▶ [Prompt] Could you set down exactly the lines of the data below, starting at the one that holds "Q v by blast" and ending at the one that holds "cp Z] by simp", both included, and only those?

(Beginning of Data provided)

lemma clique_degree_ge_m:
  assumes cp: "is_clique_partition n m P" and "m \<le> v" "v < n"
  shows "m \<le> clique_degree P v"
proof -
  have "card {..<m} \<le> 1 * clique_degree P v"
    using assms card_clique_Int_lessThan_le_1[OF cp]
    by (intro card_le_mult_clique_degree[OF cp]) (auto simp: KnKm_adj_def)
  then show ?thesis by simp
qed

text \<open>Two vertices of Z - {..<m} already share the clique Z, so no other clique through v
  contains both.\<close>
lemma clique_degree_ge_outside_clique:
  assumes cp: "is_clique_partition n m P" and Z: "Z \<in> P" and v: "v < n" "v \<notin> Z"
  shows "card (Z - {..<m}) \<le> clique_degree P v"
proof -
  have "card (Q \<inter> (Z - {..<m})) \<le> Suc 0" if Q: "Q \<in> P" "v \<in> Q" for Q
  proof (subst card_le_Suc0_iff_eq)
    show "finite (Q \<inter> (Z - {..<m}))"
      using clique_partition_finite_clique[OF cp Q(1)] by simp
    show "\<forall>a\<in>Q \<inter> (Z - {..<m}). \<forall>b\<in>Q \<inter> (Z - {..<m}). a = b"
    proof (intro ballI, rule ccontr)
      fix a b assume a: "a \<in> Q \<inter> (Z - {..<m})" and b: "b \<in> Q \<inter> (Z - {..<m})" and "a \<noteq> b"
      then have "KnKm_adj n m a b" using clique_partitionD(3)[OF cp Z] by blast
      moreover have "Q \<noteq> Z" using Q v by blast
      ultimately show False
        using clique_partitionD(5)[OF cp _ Q(1) _ _ Z] Q(2) a b by blast
    qed
  qed
  moreover have "\<forall>w\<in>Z - {..<m}. KnKm_adj n m v w"
    using v clique_partitionD(2)[OF cp Z] by (auto simp: KnKm_adj_def)
  ultimately show ?thesis
    using card_le_mult_clique_degree[OF cp, of "Z - {..<m}" v 1] by simp
qed

lemma clique_degree_ge_bounded_cliques:
  assumes cp: "is_clique_partition n m P" and small: "\<forall>Q\<in>P. card Q \<le> Suc k"
    and v: "m \<le> v" "v < n"
  shows "n - 1 \<le> k * clique_degree P v"
proof -
  have "card (Q \<inter> ({0..<n} - {v})) \<le> k" if "Q \<in> P" "v \<in> Q" for Q
  proof -
    have "Q \<inter> ({0..<n} - {v}) = Q - {v}" using clique_partitionD(2)[OF cp \<open>Q \<in> P\<close>] by auto
    then show ?thesis
      using that small clique_partition_finite_clique[OF cp \<open>Q \<in> P\<close>] by auto
  qed
  moreover have "\<forall>w\<in>{0..<n} - {v}. KnKm_adj n m v w" using v by (auto simp: KnKm_adj_def)
  ultimately show ?thesis
    using card_le_mult_clique_degree[OF cp, of "{0..<n} - {v}" v k] v by simp
qed

lemma sum_clique_degree_ge_large_clique:
  assumes cp: "is_clique_partition n m P" and Z: "Z \<in> P"
  shows "(card Z - 1) * (n - card Z + m) \<le> (\<Sum>v<n. clique_degree P v)"
proof -
  let ?B = "Z - {..<m}"
  have Zsub: "Z \<subseteq> {..<n}" using clique_partitionD(2)[OF cp Z] by auto
  have finZ: "finite Z" using clique_partition_finite_clique[OF cp Z] .
  have B: "card Z - 1 \<le> card ?B" using card_clique_le_Suc[OF cp Z] by simp
  have "(card Z - 1) * (n - card Z) \<le> card ?B * card ({..<n} - Z)"
    using B Zsub finZ by (simp add: card_Diff_subset)
  also have "\<dots> = (\<Sum>v\<in>{..<n} - Z. card ?B)" by simp
  also have "\<dots> \<le> (\<Sum>v\<in>{..<n} - Z. clique_degree P v)"
    using clique_degree_ge_outside_clique[OF cp Z] by (intro sum_mono) auto
  finally have outside: "(card Z - 1) * (n - card Z) \<le> (\<Sum>v\<in>{..<n} - Z. clique_degree P v)" .
  have "(card Z - 1) * m \<le> (\<Sum>v\<in>?B. m)" using B by simp
  also have "\<dots> \<le> (\<Sum>v\<in>?B. clique_degree P v)"
    using clique_degree_ge_m[OF cp] Zsub by (intro sum_mono) auto
  also have "\<dots> \<le> (\<Sum>v\<in>Z. clique_degree P v)"
    using finZ by (intro sum_mono2) auto
  finally have inside: "(card Z - 1) * m \<le> (\<Sum>v\<in>Z. clique_degree P v)" .
  have "(\<Sum>v<n. clique_degree P v) = (\<Sum>v\<in>{..<n} - Z. clique_degree P v) + (\<Sum>v\<in>Z. clique_degree P v)"
    using Zsub by (simp add: sum.subset_diff)
  with outside inside show ?thesis by (simp add: add_mult_distrib2)
qed

lemma sum_clique_degree_ge_small_cliques:
  assumes cp: "is_clique_partition n m P" and small: "\<forall>Q\<in>P. card Q \<le> Suc k"
  shows "(n - m) * (n - 1) \<le> k * (\<Sum>v<n. clique_degree P v)"
proof -
  have "(n - m) * (n - 1) = (\<Sum>v\<in>{m..<n}. n - 1)" by simp
  also have "\<dots> \<le> (\<Sum>v\<in>{m..<n}. k * clique_degree P v)"
    using clique_degree_ge_bounded_cliques[OF cp small] by (intro sum_mono) auto
  also have "\<dots> \<le> (\<Sum>v<n. k * clique_degree P v)"
    by (intro sum_mono2) auto
  finally show ?thesis by (simp add: sum_distrib_left)
qed

text \<open>The bound (L - 1)(n - L + m) is concave in L and equals (2m - 1)(n - m) at both ends
  L = 2m and L = n - m + 1.\<close>
lemma large_clique_bound_arith:
  fixes m n L :: nat
  assumes "2 * m \<le> L" and "L \<le> n - m + 1"
  shows "(2 * m - 1) * (n - m) \<le> (L - 1) * (n - L + m)"
proof (cases "m = 0")
  case False
  then have le: "1 \<le> m" "m + 1 \<le> n" "L \<le> n" using assms by auto
  have "int ((2 * m - 1) * (n - m)) = (2 * int m - 1) * (int n - int m)"
    using le by (simp add: of_nat_diff)
  moreover have "int ((L - 1) * (n - L + m)) = (int L - 1) * (int n - int L + int m)"
    using le assms by (simp add: of_nat_diff)
  moreover have "(int L - 1) * (int n - int L + int m) - (2 * int m - 1) * (int n - int m)
      = (int L - 2 * int m) * (int n - int m + 1 - int L)"
    by (simp add: algebra_simps)
  moreover have "0 \<le> (int L - 2 * int m) * (int n - int m + 1 - int L)"
    using assms le by (intro mult_nonneg_nonneg) auto
  ultimately show ?thesis by linarith
qed simp

lemma less_of_four_mul_sq_le:
  fixes m n :: nat
  assumes "0 < m" and "4 * m^2 \<le> n"
  shows "m < n"
proof -
  have "m \<le> m^2" by (simp add: power2_eq_square)
  with assms show ?thesis by linarith
qed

(End of Data provided)

▶ [Exercise solution]
      moreover have "Q \<noteq> Z" using Q v by blast
      ultimately show False
        using clique_partitionD(5)[OF cp _ Q(1) _ _ Z] Q(2) a b by blast
    qed
  qed
  moreover have "\<forall>w\<in>Z - {..<m}. KnKm_adj n m v w"
    using v clique_partitionD(2)[OF cp Z] by (auto simp: KnKm_adj_def)
  ultimately show ?thesis
    using card_le_mult_clique_degree[OF cp, of "Z - {..<m}" v 1] by simp
qed

lemma clique_degree_ge_bounded_cliques:
  assumes cp: "is_clique_partition n m P" and small: "\<forall>Q\<in>P. card Q \<le> Suc k"
    and v: "m \<le> v" "v < n"
  shows "n - 1 \<le> k * clique_degree P v"
proof -
  have "card (Q \<inter> ({0..<n} - {v})) \<le> k" if "Q \<in> P" "v \<in> Q" for Q
  proof -
    have "Q \<inter> ({0..<n} - {v}) = Q - {v}" using clique_partitionD(2)[OF cp \<open>Q \<in> P\<close>] by auto
    then show ?thesis
      using that small clique_partition_finite_clique[OF cp \<open>Q \<in> P\<close>] by auto
  qed
  moreover have "\<forall>w\<in>{0..<n} - {v}. KnKm_adj n m v w" using v by (auto simp: KnKm_adj_def)
  ultimately show ?thesis
    using card_le_mult_clique_degree[OF cp, of "{0..<n} - {v}" v k] v by simp
qed

lemma sum_clique_degree_ge_large_clique:
  assumes cp: "is_clique_partition n m P" and Z: "Z \<in> P"
  shows "(card Z - 1) * (n - card Z + m) \<le> (\<Sum>v<n. clique_degree P v)"
proof -
  let ?B = "Z - {..<m}"
  have Zsub: "Z \<subseteq> {..<n}" using clique_partitionD(2)[OF cp Z] by auto
  have finZ: "finite Z" using clique_partition_finite_clique[OF cp Z] .
  have B: "card Z - 1 \<le> card ?B" using card_clique_le_Suc[OF cp Z] by simp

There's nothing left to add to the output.